MATERIAL TO PROCESS>
lemma cross_affine_combination:
  assumes "u + v + w = 1"
  shows "cross a b (u *\<^sub>R a + v *\<^sub>R b + w *\<^sub>R c) = w * cross a b c"
proof -
  have u: "u = 1 - v - w"
    using assms by simp
  show ?thesis
    unfolding u by (simp add: cross_def algebra_simps)
qed

lemma cross_eq_0_if_in_segment: "p \<in> convex hull {a, b} \<Longrightarrow> cross a b p = 0"
  unfolding convex_hull_2
  using cross_affine_combination[where w = 0 and c = a] by auto

lemma barycentric_coordinates:
  assumes "cross a b y \<noteq> 0"
  shows "\<exists>\<alpha> \<beta>. \<alpha> + \<beta> + cross a b x / cross a b y = 1 \<and>
           x = \<alpha> *\<^sub>R a + \<beta> *\<^sub>R b + (cross a b x / cross a b y) *\<^sub>R y"
proof -
  define D where "D = cross a b y"
  have "D *\<^sub>R x = (D - cross a x y - cross a b x) *\<^sub>R a + cross a x y *\<^sub>R b + cross a b x *\<^sub>R y"
    by (simp add: D_def complex_eq_iff cross_def algebra_simps)
  then have "x = ((D - cross a x y - cross a b x) / D) *\<^sub>R a + (cross a x y / D) *\<^sub>R b
                 + (cross a b x / D) *\<^sub>R y"
    using assms by (simp add: D_def complex_eq_iff field_simps)
  moreover have "(D - cross a x y - cross a b x) / D + cross a x y / D + cross a b x / D = 1"
    using assms by (simp add: D_def field_simps)
  ultimately show ?thesis
    unfolding D_def by blast
qed

lemma small_weight_exists:
  fixes \<alpha> \<beta> :: real
  shows "\<exists>s>0. s \<le> 1 \<and> 0 \<le> (1 - s) / 2 + s * \<alpha> \<and> 0 \<le> (1 - s) / 2 + s * \<beta>"
proof -
  define d where "d = 1 + 2 * \<bar>\<alpha>\<bar> + 2 * \<bar>\<beta>\<bar>"
  have d: "1 \<le> d"
    by (simp add: d_def)
  have "0 \<le> (1 - 1 / d) / 2 + (1 / d) * \<gamma>" if "d \<ge> 1 + 2 * \<bar>\<gamma>\<bar>" for \<gamma> :: real
    using d that by (simp add: field_simps)
  then show ?thesis
    using d by (intro exI[of _ "1 / d"]) (auto simp: d_def)
qed

lemma convex_hull_3_memI:
  "0 \<le> u \<Longrightarrow> 0 \<le> v \<Longrightarrow> 0 \<le> w \<Longrightarrow> u + v + w = 1 \<Longrightarrow>
    u *\<^sub>R a + v *\<^sub>R b + w *\<^sub>R c \<in> convex hull {a, b, c}"
  unfolding convex_hull_3 by blast

text \<open>Points of {a, b, x} close to the midpoint of ab also lie in {a, b, y}; one of them
  off the line ab contradicts conformity.\<close>

lemma triangulation_no_common_side:
  assumes T: "triangulation \<Omega>" and t: "{a, b, x} \<in> \<Omega>" "{a, b, y} \<in> \<Omega>" and "x \<noteq> y"
    and x: "ccw a b x"
  shows "\<not> ccw a b y"
proof
  assume y: "ccw a b y"
  have "{a, b, x} \<inter> {a, b, y} = {a, b}"
    using ccw_distinct[OF x] ccw_distinct[OF y] \<open>x \<noteq> y\<close> by auto
  then have hulls: "convex hull {a, b, x} \<inter> convex hull {a, b, y} = convex hull {a, b}"
    using T t unfolding triangulation_def by metis
  define \<gamma> where "\<gamma> = cross a b x / cross a b y"
  have \<gamma>: "0 < \<gamma>"
    using x y by (simp add: \<gamma>_def ccw_iff_cross)
  obtain \<alpha> \<beta> where \<alpha>\<beta>: "\<alpha> + \<beta> + \<gamma> = 1" "x = \<alpha> *\<^sub>R a + \<beta> *\<^sub>R b + \<gamma> *\<^sub>R y"
    using barycentric_coordinates[of a b y x] y unfolding \<gamma>_def ccw_iff_cross by auto
  obtain s :: real where s: "0 < s" "s \<le> 1" "0 \<le> (1 - s) / 2 + s * \<alpha>" "0 \<le> (1 - s) / 2 + s * \<beta>"
    using small_weight_exists by blast
  define P where "P = ((1 - s) / 2) *\<^sub>R a + ((1 - s) / 2) *\<^sub>R b + s *\<^sub>R x"
  have "P \<in> convex hull {a, b, x}"
    unfolding P_def using s by (intro convex_hull_3_memI) auto
  moreover have "P \<in> convex hull {a, b, y}"
  proof -
    have P: "P = ((1 - s) / 2 + s * \<alpha>) *\<^sub>R a + ((1 - s) / 2 + s * \<beta>) *\<^sub>R b + (s * \<gamma>) *\<^sub>R y"
      unfolding P_def \<alpha>\<beta>(2) by (simp add: algebra_simps)
    have "s * \<alpha> + s * \<beta> + s * \<gamma> = s"
      using \<alpha>\<beta>(1) by (metis distrib_left mult.right_neutral)
    then show ?thesis
      unfolding P by (intro convex_hull_3_memI) (use s \<gamma> in auto)
  qed
  ultimately have "cross a b P = 0"
    using hulls cross_eq_0_if_in_segment by blast
  moreover have "cross a b P = s * cross a b x"
    unfolding P_def by (rule cross_affine_combination) simp
  ultimately show False
    using s x by (simp add: ccw_iff_cross)
qed

lemma next_vertex_eqI:
  assumes "t = {a, b, c}" "ccw a b c"
  shows "next_vertex t a = b"
  unfolding next_vertex_def
proof (rule the_equality)
  show "b \<in> t \<and> b \<noteq> a \<and> (\<forall>u\<in>t - {a, b}. ccw a b u)"
    using assms ccw_distinct[OF assms(2)] by auto
next
  fix w
  assume w: "w \<in> t \<and> w \<noteq> a \<and> (\<forall>u\<in>t - {a, w}. ccw a w u)"
  show "w = b"
  proof (rule ccontr)
    assume "w \<noteq> b"
    then have "w = c" "ccw a c b"
      using w assms ccw_distinct[OF assms(2)] by auto
    then show False
      using ccw_not_swap assms(2) by blast
  qed
qed

lemma next_vertex_cycle:
  assumes "t = {a, b, c}" "ccw a b c"
  shows "next_vertex t a = b" "next_vertex t b = c" "next_vertex t c = a"
proof -
  have "t = {b, c, a}" "t = {c, a, b}"
    using assms(1) by auto
  then show "next_vertex t a = b" "next_vertex t b = c" "next_vertex t c = a"
    using next_vertex_eqI assms ccw_rotate by metis+
qed

lemma triangle_ccw_from_vertex:
  assumes T: "triangulation \<Omega>" and t: "t \<in> \<Omega>" and v: "v \<in> t"
  obtains w x where "t = {v, w, x}" "ccw v w x"
proof -
  obtain p q where pq: "t = {v, p, q}"
    using v card_3_iff[of t] T t unfolding triangulation_def by (auto simp: insert_commute)
  then have "ccw v p q \<or> ccw v q p"
    using ccw_or_ccw_swap T t unfolding triangulation_def by blast
  then show thesis
    using that pq by (metis insert_commute)
qed

lemma next_vertex_in_triangle:
  assumes "triangulation \<Omega>" "t \<in> \<Omega>" "v \<in> t"
  shows "next_vertex t v \<in> t" "next_vertex t v \<noteq> v"
proof -
  obtain w x where t: "t = {v, w, x}" and ccw: "ccw v w x"
    using triangle_ccw_from_vertex assms by blast
  then show "next_vertex t v \<in> t" "next_vertex t v \<noteq> v"
    using next_vertex_cycle(1)[OF t ccw] ccw_distinct[OF ccw] by auto
qed

lemma next_vertex_inj_on:
  assumes "triangulation \<Omega>" "t \<in> \<Omega>"
  shows "inj_on (next_vertex t) t"
proof
  fix v v'
  assume "v \<in> t" "v' \<in> t" and eq: "next_vertex t v = next_vertex t v'"
  then obtain w x where t: "t = {v, w, x}" and ccw: "ccw v w x"
    using triangle_ccw_from_vertex assms by blast
  then show "v = v'"
    using \<open>v' \<in> t\<close> eq next_vertex_cycle[OF t ccw] ccw_distinct[OF ccw] by auto
qed

lemma next_vertex_twice_neq:
  assumes "triangulation \<Omega>" "t \<in> \<Omega>" "v \<in> t"
  shows "next_vertex t (next_vertex t v) \<noteq> v"
proof -
  obtain w x where "t = {v, w, x}" "ccw v w x"
    using triangle_ccw_from_vertex assms by blast
  then show ?thesis
    using next_vertex_cycle ccw_distinct by metis
qed

lemma next_vertex_direction:
  assumes "triangulation \<Omega>" "t \<in> \<Omega>" "v \<in> t" "w \<in> t" "v \<noteq> w"
  shows "next_vertex t v = w \<or> next_vertex t w = v"
proof -
  obtain p q where "t = {v, p, q}" "ccw v p q"
    using triangle_ccw_from_vertex assms by blast
  then show ?thesis
    using assms(4,5) next_vertex_cycle by auto
qed

lemma next_vertex_across_shared_edge:
  assumes T: "triangulation \<Omega>" and t: "t \<in> \<Omega>" "v \<in> t" "next_vertex t v = w"
    and t': "t' \<in> \<Omega>" "v \<in> t'" "w \<in> t'" "t' \<noteq> t"
  shows "next_vertex t' w = v"
proof -
  obtain x where tx: "t = {v, w, x}" "ccw v w x"
    using triangle_ccw_from_vertex[OF T t(1,2)] next_vertex_cycle(1) t(3) by metis
  obtain y z where t'yz: "t' = {w, y, z}" "ccw w y z"
    using triangle_ccw_from_vertex[OF T t'(1,3)] by blast
  show ?thesis
  proof (cases "y = v")
    case True
    then show ?thesis
      using t'yz next_vertex_cycle(1) by blast
  next
    case False
    then have "t' = {v, w, y}" "ccw v w y"
      using t'yz t'(2) ccw_distinct[OF tx(2)] ccw_rotate by auto
    moreover have "x \<noteq> y"
      using tx t'(4) calculation(1) by auto
    ultimately show ?thesis
      using triangulation_no_common_side[OF T] tx t(1) t'(1) by metis
  qed
qed

lemma edge_in_at_most_two_triangles:
  assumes T: "triangulation \<Omega>" and t: "t1 \<in> \<Omega>" "t2 \<in> \<Omega>" "t3 \<in> \<Omega>"
    and distinct: "t1 \<noteq> t2" "t1 \<noteq> t3" "t2 \<noteq> t3"
    and edge: "{v, w} \<subseteq> t1" "{v, w} \<subseteq> t2" "{v, w} \<subseteq> t3" "v \<noteq> w"
  shows False
proof -
  have False if "next_vertex t1 a = b" "{a, b} = {v, w}" for a b
  proof -
    have ab: "a \<in> t1" "a \<in> t2" "b \<in> t2" "a \<in> t3" "b \<in> t3"
      using edge that(2) by auto
    have "next_vertex t2 b = a" "next_vertex t3 b = a"
      using next_vertex_across_shared_edge[OF T t(1) ab(1) that(1)] t ab distinct by auto
    moreover have "next_vertex t3 a = b"
      using next_vertex_across_shared_edge[OF T t(2) ab(3) \<open>next_vertex t2 b = a\<close> t(3)]
        ab distinct by auto
    ultimately show False
      using next_vertex_twice_neq[OF T t(3) ab(4)] by simp
  qed
  then show False
    using next_vertex_direction[OF T t(1), of v w] edge by auto
qed

lemma poly_step_frontier:
  "frontier_edge \<Omega> lg {v, next_vertex t v} \<Longrightarrow> poly_step \<Omega> lg (t, v) = (t, next_vertex t v)"
  by (simp add: poly_step_def Let_def)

WORK TO COMPLETE> Above are the records; from them, give again exactly the lines from the one containing "obtain s :: real" through the one containing "b \<noteq> a", both included.

TASK SOLUTION>
  obtain s :: real where s: "0 < s" "s \<le> 1" "0 \<le> (1 - s) / 2 + s * \<alpha>" "0 \<le> (1 - s) / 2 + s * \<beta>"
    using small_weight_exists by blast
  define P where "P = ((1 - s) / 2) *\<^sub>R a + ((1 - s) / 2) *\<^sub>R b + s *\<^sub>R x"
  have "P \<in> convex hull {a, b, x}"
    unfolding P_def using s by (intro convex_hull_3_memI) auto
  moreover have "P \<in> convex hull {a, b, y}"
  proof -
    have P: "P = ((1 - s) / 2 + s * \<alpha>) *\<^sub>R a + ((1 - s) / 2 + s * \<beta>) *\<^sub>R b + (s * \<gamma>) *\<^sub>R y"
      unfolding P_def \<alpha>\<beta>(2) by (simp add: algebra_simps)
    have "s * \<alpha> + s * \<beta> + s * \<gamma> = s"
      using \<alpha>\<beta>(1) by (metis distrib_left mult.right_neutral)
    then show ?thesis
      unfolding P by (intro convex_hull_3_memI) (use s \<gamma> in auto)
  qed
  ultimately have "cross a b P = 0"
    using hulls cross_eq_0_if_in_segment by blast
  moreover have "cross a b P = s * cross a b x"
    unfolding P_def by (rule cross_affine_combination) simp
  ultimately show False
    using s x by (simp add: ccw_iff_cross)
qed

lemma next_vertex_eqI:
  assumes "t = {a, b, c}" "ccw a b c"
  shows "next_vertex t a = b"
  unfolding next_vertex_def
proof (rule the_equality)
  show "b \<in> t \<and> b \<noteq> a \<and> (\<forall>u\<in>t - {a, b}. ccw a b u)"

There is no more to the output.